Thanksgiving has always been one of my favorite holidays. Between the fall colors that are the last flaming burst of life before the earth goes dormant in winter and the gathering of family home to hearths and living rooms after being scattered for the year, it just holds a warm place in my heart. There’s nothing I love more than taking the opportunity to get together with loved ones over Thanksgiving without the pressure of buying, buying, buying. It’s one of the few American holidays that hasn’t been overtly commercialized–as evidenced by the fact that stores often put out their Christmas displays immediately following Halloween nowadays. Thanksgiving gets rather lost in the fold–how do you commercialize a family dinner? Oh, granted sales of sparkling cider and turkey go up, but it’s a far cry from the raging consumerism of Christmas.
I love it.
I love everything about it. I like getting up early to put the turkey in the oven, covering it with herbs and stuffing it full of toast and veggies. I like spending the day running around the kitchen, peeling potatoes, laughing with family, getting frustrated at pies and people, and preparing for the biggest feast of the year.
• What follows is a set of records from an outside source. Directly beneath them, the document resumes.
(* Let $G$ be a finite group, let $\alpha\in\operatorname{Aut}G$, let $x,y\in G$, and let $m$ be a positive integer. Let $A=G\rtimes\langle\alpha\rangle$ be the semidirect product, with multiplication $(g,\alpha^i)(h,\alpha^j)=(g\,\alpha^i(h),\alpha^{i+j})$. Then there exists $z\in G$ with $$y\,\alpha(y)\cdots\alpha^{m-1}(y)=z^{-1}\,x\,\alpha(x)\cdots\alpha^{m-1}(x)\,\alpha^m(z)$$ if and only if the $m$-th powers of the elements $(x,\alpha)$ and $(y,\alpha)$ of $A$ are conjugate in $A$.
   Context: Here $\langle\alpha\rangle$ is the (finite cyclic) subgroup of $\operatorname{Aut}G$ generated by $\alpha$. The displayed condition says that the cocycles $\hat{\mathbb{Z}}\to G$ determined by $x\alpha(x)\cdots\alpha^{m-1}(x)$ and $y\alpha(y)\cdots\alpha^{m-1}(y)$ are cohomologous when $1\in\hat{\mathbb{Z}}$ acts on $G$ by $\alpha^m$. *)

theory Defs
  imports "HOL-Algebra.Group"
begin

definition aut_pow :: "('a, 'b) monoid_scheme \<Rightarrow> ('a \<Rightarrow> 'a) \<Rightarrow> nat \<Rightarrow> ('a \<Rightarrow> 'a)" where
  "aut_pow G \<alpha> i = restrict (\<alpha> ^^ i) (carrier G)"

text \<open>The cyclic group \<langle>alpha\<rangle> is represented by the set of all powers alpha^i
  (restricted to the carrier), which is finite since G is finite.\<close>
definition semidirect_cyclic :: "('a, 'b) monoid_scheme \<Rightarrow> ('a \<Rightarrow> 'a) \<Rightarrow> ('a \<times> ('a \<Rightarrow> 'a)) monoid" where
  "semidirect_cyclic G \<alpha> =
     \<lparr> carrier = carrier G \<times> range (aut_pow G \<alpha>),
       mult = (\<lambda>(g, a) (h, b). (g \<otimes>\<^bsub>G\<^esub> a h, restrict (a \<circ> b) (carrier G))),
       one = (\<one>\<^bsub>G\<^esub>, aut_pow G \<alpha> 0) \<rparr>"

fun twisted_prod :: "('a, 'b) monoid_scheme \<Rightarrow> ('a \<Rightarrow> 'a) \<Rightarrow> 'a \<Rightarrow> nat \<Rightarrow> 'a" where
  "twisted_prod G \<alpha> x 0 = \<one>\<^bsub>G\<^esub>"
| "twisted_prod G \<alpha> x (Suc n) = twisted_prod G \<alpha> x n \<otimes>\<^bsub>G\<^esub> (\<alpha> ^^ n) x"

definition conjugate_in :: "('c, 'd) monoid_scheme \<Rightarrow> 'c \<Rightarrow> 'c \<Rightarrow> bool" where
  "conjugate_in A u v \<longleftrightarrow> (\<exists>c\<in>carrier A. v = c \<otimes>\<^bsub>A\<^esub> u \<otimes>\<^bsub>A\<^esub> inv\<^bsub>A\<^esub> c)"

end

theory Submission
  imports Defs "HOL-Combinatorics.Cycles"
begin

text \<open>In \<open>G \<rtimes> \<langle>\<alpha>\<rangle>\<close> the \<open>m\<close>-th power of \<open>(x, \<alpha>)\<close> is \<open>(P, \<alpha>\<^sup>m)\<close> with
  \<open>P = x \<alpha>(x) \<cdots> \<alpha>\<^sup>m\<^sup>-\<^sup>1(x)\<close>, and \<open>(w, \<alpha>\<^sup>k)\<close> conjugates \<open>(P, \<alpha>\<^sup>m)\<close> into \<open>(Q, \<alpha>\<^sup>m)\<close>
  exactly when \<open>Q \<alpha>\<^sup>m(w) = w \<alpha>\<^sup>k(P)\<close>, i.e. when \<open>Q\<close> is \<open>\<alpha>\<^sup>m\<close>-twisted conjugate to
  \<open>\<alpha>\<^sup>k(P)\<close>. The extra \<open>\<alpha>\<^sup>k\<close> is harmless: \<open>x \<alpha>(P) = P \<alpha>\<^sup>m(x)\<close>, both sides being the
  twisted product of \<open>m + 1\<close> factors, so \<open>\<alpha>(P)\<close> is twisted conjugate to \<open>P\<close>; and twisted
  conjugacy is transitive and stable under \<open>\<alpha>\<close>. Finiteness of \<open>G\<close> only serves to make
  \<open>\<alpha>\<close> of finite order, so that the semidirect product is a group.\<close>

lemma bij_betw_funpow_period:
  assumes "finite S" and "bij_betw f S S"
  obtains n where "n > 0" and "\<And>x. x \<in> S \<Longrightarrow> (f ^^ n) x = x"
proof -
  define p where "p x = (if x \<in> S then f x else x)" for x
  have "bij_betw p S S"
    using assms(2) by (rule bij_betw_cong[THEN iffD1, rotated]) (simp add: p_def)
  then have "p permutes S"
    by (rule bij_imp_permutes) (simp add: p_def)
  then obtain n where n: "p ^^ n = id" "n > 0"
    using assms(1) permutation_is_nilpotent permutation_permutes by metis
  have "(f ^^ k) x \<in> S \<and> (f ^^ k) x = (p ^^ k) x" if "x \<in> S" for k x
    using that assms(2) by (induction k) (auto simp: p_def bij_betw_def)
  with n show thesis
    by (intro that[of n]) simp_all
qed
lemma fixspace_subset_fixed_vectors_mprod:
  assumes "\<And>t. t \<in> set ts \<Longrightarrow> invertible t"
  shows "fixspace (set ts) \<subseteq> fixed_vectors (mprod ts)"
  using fixspace_gen[of "set ts"] assms mprod_in_gen[of ts "set ts"]
  by (auto simp: fixspace_def fixed_vectors_def)

text \<open>Carter's lemma. Peeling off the first factor t, the displacement of v under the remaining
  product lies in the span of their roots, which does not contain the root of t.\<close>

lemma fixed_vectors_mprod_independent_roots:
  assumes refl: "\<And>t. t \<in> set ts \<Longrightarrow> is_reflection t"
    and dist: "distinct (map root ts)" and indep: "vec.independent (root ` set ts)"
  shows "fixed_vectors (mprod ts) = fixspace (set ts)"
proof
  show "fixspace (set ts) \<subseteq> fixed_vectors (mprod ts)"
    using refl by (intro fixspace_subset_fixed_vectors_mprod) (simp add: is_reflection_def)
  show "fixed_vectors (mprod ts) \<subseteq> fixspace (set ts)"
    using assms
  proof (induction ts)
    case Nil
    show ?case by (simp add: fixspace_def)
  next
    case (Cons t ts)
    show ?case
    proof
      fix v assume "v \<in> fixed_vectors (mprod (t # ts))"
      then have tw: "t *v w = v" if "w = mprod ts *v v" for w
        using that by (simp add: fixed_vectors_def matrix_vector_mul_assoc)
      define w where "w = mprod ts *v v"
      have t: "is_reflection t" using Cons.prems(1) by simp
      obtain c where c: "t *v w - w = c *s root t"
        using reflection_moves_along_root[OF t] by blast
      have "w - v \<in> vec.span (root ` set ts)"
        unfolding w_def using Cons.prems(1) mprod_in_gen[of ts "set ts"]
        by (intro gen_moves_within_roots) auto
      moreover have "c *s root t = - (w - v)" using c tw[OF w_def] by simp
      ultimately have "c *s root t \<in> vec.span (root ` set ts)"
        by (metis vec.span_neg)
      moreover have "root t \<notin> vec.span (root ` set ts)"
      proof -
        have "root t \<notin> root ` set ts" using Cons.prems(2) by auto
        then show ?thesis using Cons.prems(3) vec.independent_insert[of "root t" "root ` set ts"] by simp
      qed
      ultimately have "c = 0"
        using vec.span_scale[of "c *s root t" _ "inverse c"] by (cases "c = 0") auto
      then have "w = v" using c tw[OF w_def] by simp
      then have "v \<in> fixspace (set ts)"
        using Cons.IH Cons.prems vec.independent_mono[OF Cons.prems(3)]
        by (auto simp: w_def fixed_vectors_def)
      moreover have "t *v v = v" using tw[OF w_def] \<open>w = v\<close> by simp
      ultimately show "v \<in> fixspace (set (t # ts))" by (simp add: fixspace_def)
    qed
  qed
qed

section \<open>Parabolic quasi-Coxeter elements\<close>

lemma pclosure_eq_pstab_fixed_vectors:
  assumes "g \<in> W"
  shows "pclosure W g = pstab W (fixed_vectors g)"
proof
  have "parabolic W (pstab W (fixed_vectors g))" by (auto simp: parabolic_def)
  moreover have "g \<in> pstab W (fixed_vectors g)"
    using assms by (simp add: pstab_def fixed_vectors_def)
  ultimately show "pclosure W g \<subseteq> pstab W (fixed_vectors g)"
    unfolding pclosure_def by blast
  show "pstab W (fixed_vectors g) \<subseteq> pclosure W g"
    by (auto simp: pclosure_def parabolic_def pstab_def fixed_vectors_def)
qed

lemma reduced_good_factorization:
  fixes W :: "'n::finite cmat set"
  assumes W: "reflection_group W" and red: "reduced_refl_fact W g ts"
    and good: "good_gen_set (set ts) P"
  shows "fixed_vectors g = fixspace P" and "grank P = refl_length W g"
proof -
  have refl: "set ts \<subseteq> refls W" and g: "mprod ts = g" and len: "length ts = refl_length W g"
    using red by (auto simp: reduced_refl_fact_def)
  have P: "P = gen (set ts)" and card: "card (set ts) = grank P"
    using good by (auto simp: good_gen_set_def)
  have "distinct ts" using reduced_refl_fact_distinct[OF W red] .
  then show "grank P = refl_length W g"
    using card len distinct_card by fastforce
  have "vec.independent (root ` set ts)" "inj_on root (set ts)"
    using roots_independent_if_card_le_grank[OF W refl] card P by simp_all
  moreover have "\<And>t. t \<in> set ts \<Longrightarrow> is_reflection t"
    using refl by (auto simp: refls_def)
  ultimately have "fixed_vectors g = fixspace (set ts)"
    using fixed_vectors_mprod_independent_roots[of ts] \<open>distinct ts\<close> g by (simp add: distinct_map)
  also have "\<dots> = fixspace P"
    unfolding P using refl by (intro fixspace_gen[symmetric]) (auto simp: refls_def is_reflection_def)
  finally show "fixed_vectors g = fixspace P" .
qed

text \<open>A factorization into at most codim V^g reflections generates a group whose fixed space,
  which contains V^g, has codimension at most codim V^g; so the two fixed spaces agree.\<close>

lemma short_refl_fact_subset_pstab:
  fixes W :: "'n::finite cmat set"
  assumes W: "reflection_group W" and refl: "set ts \<subseteq> refls W"
    and len: "length ts \<le> CARD('n) - vec.dim (fixed_vectors (mprod ts))"
  shows "set ts \<subseteq> pstab W (fixed_vectors (mprod ts))"
proof -
  let ?F = "fixspace (gen (set ts))"
  have "grank (gen (set ts)) \<le> length ts"
    using grank_gen_le_card[OF W refl] card_length[of ts] by simp
  then have "vec.dim (fixed_vectors (mprod ts)) \<le> vec.dim ?F"
    using len dim_subset_UNIV_cart_gen[of ?F] dim_subset_UNIV_cart_gen[of "fixed_vectors (mprod ts)"]
    unfolding grank_def by linarith
  moreover have "?F \<subseteq> fixed_vectors (mprod ts)"
    using mprod_in_gen[of ts "set ts"] by (auto simp: fixspace_def fixed_vectors_def)
  ultimately have "?F = fixed_vectors (mprod ts)"
    using vec.subspace_dim_equal subspace_fixspace subspace_fixed_vectors by blast
  then show ?thesis
    using refl gen.gen_elt[of _ "set ts"]
    by (auto simp: pstab_def refls_def fixspace_def)
qed

lemma reflection_group_gen_eqI:
  assumes W: "reflection_group W" and "A \<subseteq> W" "B \<subseteq> gen A" "gen B = W"
  shows "gen A = W"
proof
  show "gen A \<subseteq> W" using reflection_group_gen_subset[OF W assms(2)] .
  have "\<And>s. s \<in> A \<Longrightarrow> invertible s"
    using W assms(2) by (auto simp: reflection_group_def)
  then show "W \<subseteq> gen A" using gen_subset_gen assms(3,4) by blast
qed
lemma polyfun_cmult: "f \<in> polyfun \<Longrightarrow> (\<lambda>x. c * f x) \<in> polyfun"
  using polyfun.mult[OF polyfun.const] by blast

lemma polyfun_diff: "f \<in> polyfun \<Longrightarrow> g \<in> polyfun \<Longrightarrow> (\<lambda>x. f x - g x) \<in> polyfun"
  using polyfun.add[OF _ polyfun_cmult[of g "-1"]] by simp

lemma polyfun_comp_linear: "f \<in> polyfun \<Longrightarrow> linear G \<Longrightarrow> (\<lambda>x. f (G x)) \<in> polyfun"
proof (induction f rule: polyfun.induct)
  case (lin f)
  then show ?case using linear_compose[of G f] polyfun.lin by (simp add: o_def)
qed (auto intro: polyfun.intros)

lemma polyfun_along_line: "f \<in> polyfun \<Longrightarrow> \<exists>P. \<forall>t. f (a + t *\<^sub>R v) = poly P t"
proof (induction f rule: polyfun.induct)
  case (const c)
  show ?case by (intro exI[of _ "[:c:]"]) simp
next
  case (lin f)
  then show ?case by (intro exI[of _ "[:f a, f v:]"]) (simp add: linear_add linear_scale)
next
  case (add f g)
  then obtain P Q where "\<forall>t. f (a + t *\<^sub>R v) = poly P t" "\<forall>t. g (a + t *\<^sub>R v) = poly Q t"
    by blast
  then show ?case by (intro exI[of _ "P + Q"]) simp
next
  case (mult f g)
  then obtain P Q where "\<forall>t. f (a + t *\<^sub>R v) = poly P t" "\<forall>t. g (a + t *\<^sub>R v) = poly Q t"
    by blast
  then show ?case by (intro exI[of _ "P * Q"]) simp
qed

text \<open>Restricted to the line through y and x, both factors become univariate polynomials.\<close>

lemma polyfun_no_zero_divisors:
  assumes f: "f \<in> polyfun" and g: "g \<in> polyfun"
    and fg: "\<And>x. f x * g x = 0" and "f y \<noteq> 0"
  shows "g x = 0"
proof -
  obtain P where P: "\<forall>t. f (y + t *\<^sub>R (x - y)) = poly P t"
    using polyfun_along_line[OF f] by blast
  obtain Q where Q: "\<forall>t. g (y + t *\<^sub>R (x - y)) = poly Q t"
    using polyfun_along_line[OF g] by blast
  have "\<forall>t. poly (P * Q) t = 0"
    using P Q fg by (metis poly_mult)
  then have "P * Q = 0"
    using poly_all_0_iff_0 by blast
  moreover have "P \<noteq> 0"
    using P[rule_format, of 0] \<open>f y \<noteq> 0\<close> by auto
  ultimately have "Q = 0" by simp
  then show ?thesis using Q[rule_format, of 1] by simp
qed

lemma polyfun_inner_const: "F \<in> vpolyfun \<Longrightarrow> (\<lambda>x. F x \<bullet> y) \<in> polyfun"
proof -
  assume "F \<in> vpolyfun"
  then have "(\<lambda>x. \<Sum>b\<in>Basis. (y \<bullet> b) * (F x \<bullet> b)) \<in> polyfun"
    by (intro polyfun_sum polyfun_cmult) (auto simp: vpolyfun_def)
  then show ?thesis by (subst euclidean_inner) (simp add: mult.commute)
qed

lemma vpolyfun_iff_inner: "F \<in> vpolyfun \<longleftrightarrow> (\<forall>y. (\<lambda>x. F x \<bullet> y) \<in> polyfun)"
  using polyfun_inner_const unfolding vpolyfun_def by blast

lemma polyfun_inner: "F \<in> vpolyfun \<Longrightarrow> G \<in> vpolyfun \<Longrightarrow> (\<lambda>x. F x \<bullet> G x) \<in> polyfun"
  unfolding vpolyfun_def by (subst euclidean_inner) (rule polyfun_sum, rule polyfun.mult, auto)

lemma vpolyfun_diff: "F \<in> vpolyfun \<Longrightarrow> G \<in> vpolyfun \<Longrightarrow> (\<lambda>x. F x - G x) \<in> vpolyfun"
  unfolding vpolyfun_def by (auto simp: inner_diff_left intro: polyfun_diff)

lemma vpolyfun_comp_linear: "F \<in> vpolyfun \<Longrightarrow> linear G \<Longrightarrow> (\<lambda>x. F (G x)) \<in> vpolyfun"
  unfolding vpolyfun_def by (auto intro: polyfun_comp_linear)

lemma vpolyfun_linear_comp:
  fixes H :: "'w::euclidean_space \<Rightarrow> 'u::euclidean_space"
  assumes "F \<in> vpolyfun" "linear H"
  shows "(\<lambda>x. H (F x)) \<in> vpolyfun"
  unfolding vpolyfun_iff_inner
  using polyfun_inner_const[OF assms(1)] by (simp add: adjoint_works[OF assms(2), symmetric])

lemma vpolyfun_no_zero_divisors:
  fixes F :: "'v::euclidean_space \<Rightarrow> 'w::euclidean_space"
  assumes "f \<in> polyfun" "F \<in> vpolyfun" "\<And>x. f x *\<^sub>R F x = 0" "f y \<noteq> 0"
  shows "F x = 0"
proof (rule euclidean_eqI)
  fix b :: 'w assume "b \<in> Basis"
  have "f x' * (F x' \<bullet> b) = 0" for x'
    using arg_cong[OF assms(3)[of x'], of "\<lambda>v. v \<bullet> b"] by simp
  then show "F x \<bullet> b = 0 \<bullet> b"
    using polyfun_no_zero_divisors[OF assms(1) polyfun_inner_const[OF assms(2)]] assms(4) by simp
qed

lemma polyfun_det:
  assumes "\<And>x. M x \<in> carrier_mat n n"
    and "\<And>i j. i < n \<Longrightarrow> j < n \<Longrightarrow> (\<lambda>x. M x $$ (i,j)) \<in> polyfun"
  shows "(\<lambda>x. Determinant.det (M x)) \<in> polyfun"
proof -
  have "(\<lambda>x. \<Sum>p\<in>{p. p permutes {0..<n}}. signof p * (\<Prod>i = 0..<n. M x $$ (i, p i))) \<in> polyfun"
    by (rule polyfun_sum, rule polyfun_cmult, rule polyfun_prod) (use assms(2) in \<open>auto simp: permutes_in_image\<close>)
  then show ?thesis using det_def'[OF assms(1)] by simp
qed

section \<open>Matrices of inner products\<close>

definition inner_mat :: "nat \<Rightarrow> (nat \<Rightarrow> 'a::real_inner) \<Rightarrow> (nat \<Rightarrow> 'a) \<Rightarrow> real mat" where
  "inner_mat n u w = mat n n (\<lambda>(i,j). u i \<bullet> w j)"

lemma inner_mat_carrier [simp]: "inner_mat n u w \<in> carrier_mat n n"
  by (simp add: inner_mat_def)

lemma inner_mat_mult_vec:
  assumes "i < n" "v \<in> carrier_vec n"
  shows "Matrix.vec_index (inner_mat n u w *\<^sub>v v) i = u i \<bullet> (\<Sum>j<n. Matrix.vec_index v j *\<^sub>R w j)"
  using assms
  by (simp add: inner_mat_def mult_mat_vec_def scalar_prod_def atLeast0LessThan inner_sum_right mult.commute)

lemma det_inner_mat_eq_0:
  assumes "\<exists>i<n. c i \<noteq> 0" and "(\<Sum>i<n. c i *\<^sub>R w i) = 0"
  shows "Determinant.det (inner_mat n u w) = 0"
proof -
  have "vec n c \<noteq> 0\<^sub>v n"
    using assms(1) by (metis index_vec index_zero_vec(1))
  moreover have "inner_mat n u w *\<^sub>v vec n c = 0\<^sub>v n"
  proof (rule eq_vecI)
    fix i assume "i < dim_vec (0\<^sub>v n :: real vec)"
    moreover have "(\<Sum>j<n. Matrix.vec_index (vec n c) j *\<^sub>R w j) = (\<Sum>j<n. c j *\<^sub>R w j)"
      by (intro sum.cong) auto
    ultimately show "Matrix.vec_index (inner_mat n u w *\<^sub>v vec n c) i = Matrix.vec_index (0\<^sub>v n) i"
      using assms(2) by (simp add: inner_mat_mult_vec)
  qed (simp add: inner_mat_def)
  ultimately show ?thesis
    using det_0_iff_vec_prod_zero[OF inner_mat_carrier] by (meson vec_carrier)
qed

lemma det_gram_mat_neq_0:
  assumes indep: "\<forall>c. (\<Sum>i<n. c i *\<^sub>R w i) = 0 \<longrightarrow> (\<forall>i<n. c i = 0)"
  shows "Determinant.det (inner_mat n w w) \<noteq> 0"
proof
  assume "Determinant.det (inner_mat n w w) = 0"
  then obtain v where v: "v \<in> carrier_vec n" "v \<noteq> 0\<^sub>v n" "inner_mat n w w *\<^sub>v v = 0\<^sub>v n"
    using det_0_iff_vec_prod_zero[OF inner_mat_carrier] by blast
  define s where "s = (\<Sum>j<n. Matrix.vec_index v j *\<^sub>R w j)"
  have "w i \<bullet> s = 0" if "i < n" for i
    using inner_mat_mult_vec[OF that v(1), of w w] v(3) that by (simp add: s_def)
  then have "s \<bullet> s = 0"
    by (subst (1) s_def) (simp add: inner_sum_left)
  then have "\<forall>i<n. Matrix.vec_index v i = 0"
    using indep by (simp add: s_def)
  then have "v = 0\<^sub>v n"
    using v(1) by (intro eq_vecI) auto
  with v(2) show False ..
qed

lemma cofactor_inner_mat_last_row:
  assumes "\<forall>i<k. u' i = u i"
  shows "cofactor (inner_mat (Suc k) u' w) k j = cofactor (inner_mat (Suc k) u w) k j"
proof -
  have "mat_delete (inner_mat (Suc k) u' w) k j = mat_delete (inner_mat (Suc k) u w) k j"
    unfolding mat_delete_def inner_mat_def using assms by (intro eq_matI) auto
  then show ?thesis by (simp add: cofactor_def)
qed

lemma cofactor_inner_mat_last: "cofactor (inner_mat (Suc k) u w) k k = Determinant.det (inner_mat k u w)"
proof -
  have "mat_delete (inner_mat (Suc k) u w) k k = inner_mat k u w"
    unfolding mat_delete_def inner_mat_def by (intro eq_matI) auto
  then show ?thesis by (simp add: cofactor_def)
qed

lemma det_inner_mat_expand_last_row:
  "Determinant.det (inner_mat (Suc k) (u(k := b)) w) =
     b \<bullet> (\<Sum>j\<le>k. cofactor (inner_mat (Suc k) u w) k j *\<^sub>R w j)"
proof -
  let ?A = "inner_mat (Suc k) (u(k := b)) w"
  have "Determinant.det ?A = (\<Sum>j<Suc k. ?A $$ (k,j) * cofactor ?A k j)"
    by (rule laplace_expansion_row) auto
  also have "\<dots> = (\<Sum>j<Suc k. (b \<bullet> w j) * cofactor (inner_mat (Suc k) u w) k j)"
  proof (intro sum.cong refl)
    fix j assume "j \<in> {..<Suc k}"
    moreover have "cofactor ?A k j = cofactor (inner_mat (Suc k) u w) k j"
      by (rule cofactor_inner_mat_last_row) simp
    ultimately show "?A $$ (k,j) * cofactor ?A k j = (b \<bullet> w j) * cofactor (inner_mat (Suc k) u w) k j"
      by (simp add: inner_mat_def)
  qed
  also have "\<dots> = b \<bullet> (\<Sum>j\<le>k. cofactor (inner_mat (Suc k) u w) k j *\<^sub>R w j)"
    by (simp add: inner_sum_right lessThan_Suc_atMost mult.commute)
  finally show ?thesis .
qed

lemma cofactor_relation:
  assumes "\<exists>i\<le>k. c i \<noteq> 0" and "(\<Sum>i\<le>k. c i *\<^sub>R w i) = 0"
  shows "(\<Sum>j\<le>k. cofactor (inner_mat (Suc k) u w) k j *\<^sub>R w j) = 0"
proof -
  define s where "s = (\<Sum>j\<le>k. cofactor (inner_mat (Suc k) u w) k j *\<^sub>R w j)"
  have "s \<bullet> s = Determinant.det (inner_mat (Suc k) (u(k := s)) w)"
    by (simp add: det_inner_mat_expand_last_row s_def)
  also have "\<dots> = 0"
    using assms by (intro det_inner_mat_eq_0[of _ c]) (auto simp: lessThan_Suc_atMost less_Suc_eq_le)
  finally show ?thesis by (simp add: s_def)
qed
I love looking around that table and seeing faces of people I love dearly looking back at me. All with the knowledge that today is a day to be thankful, to take nothing for granted, to love fully and be loved and to set aside the frantic busy-ness that makes up the other days of the year and pour our energy into people and life.
I love taking some time to reflect on what I’m thankful for. There’s never a bad time to count your blessings, but Thanksgiving is really quite a good time to do it–because everyone else is doing it, and it makes these few weeks of the year a time of openness, of friendship and family and love.
Of course it’s shiny happy people stuff–that’s what the holidays should be about.
I don’t really have anyone to spend my holidays with, in terms of a romantic sense. I am single. But it’s more than okay–there will, most likely, be any number of holidays in my future in which I am flying to and fro, trying to coordinate plans with a significant other. When I look at my family members doing this, I have to add the unlikely blessing to my list that I am the sole person in charge of figuring out what the hell I’m doing for the holidays. I can go where I please and see who I want. Woot.
I’m really quite thankful for any number of things, singleness notwithstanding. I quite like the weather–though I’m in a lonely camp there. I’m thankful for the many people who are new in my life this year–they’ve all been rather extraordinary, and I feel really very special. I have a nice home, a steady job, and I’ve finished my first novel. I will, in the future, finish the others as well. Just a matter of time. I have a lovely writing group filled with other odd souls such as myself. I’ve had a large number of wonderful experiences in the past few years, and I really feel quite lucky about that, too. On a very basic level, all my needs are taken care of. I don’t have anything to complain about, not really.
I’m thankful that I’m pretty healthy. I have the occasional sniffle, but I’ve thus far escaped any serious malady this year, and I fully intend to round out 2008 with my lungs intact.
I am thankful for the chance to see my mom’s sister and family after nearly ten years of absence. I leave for ten years, come back, and 2/3 of them are bigger than me. Who’d’ve thunk? My cousins are all grown up now. It will be quite the party this weekend. I’m also thankful to get the chance to see a good friend again on Friday. It’s a bit of a trek up north, but worth it. I’m very excited.
I am thankful that my car will (will, I say) make it all the way to Columbus, then on to Toledo, then back to Nashville in one piece without major incident (or minor incident, for that matter.)
Yes. It will be a lovely Thanksgiving.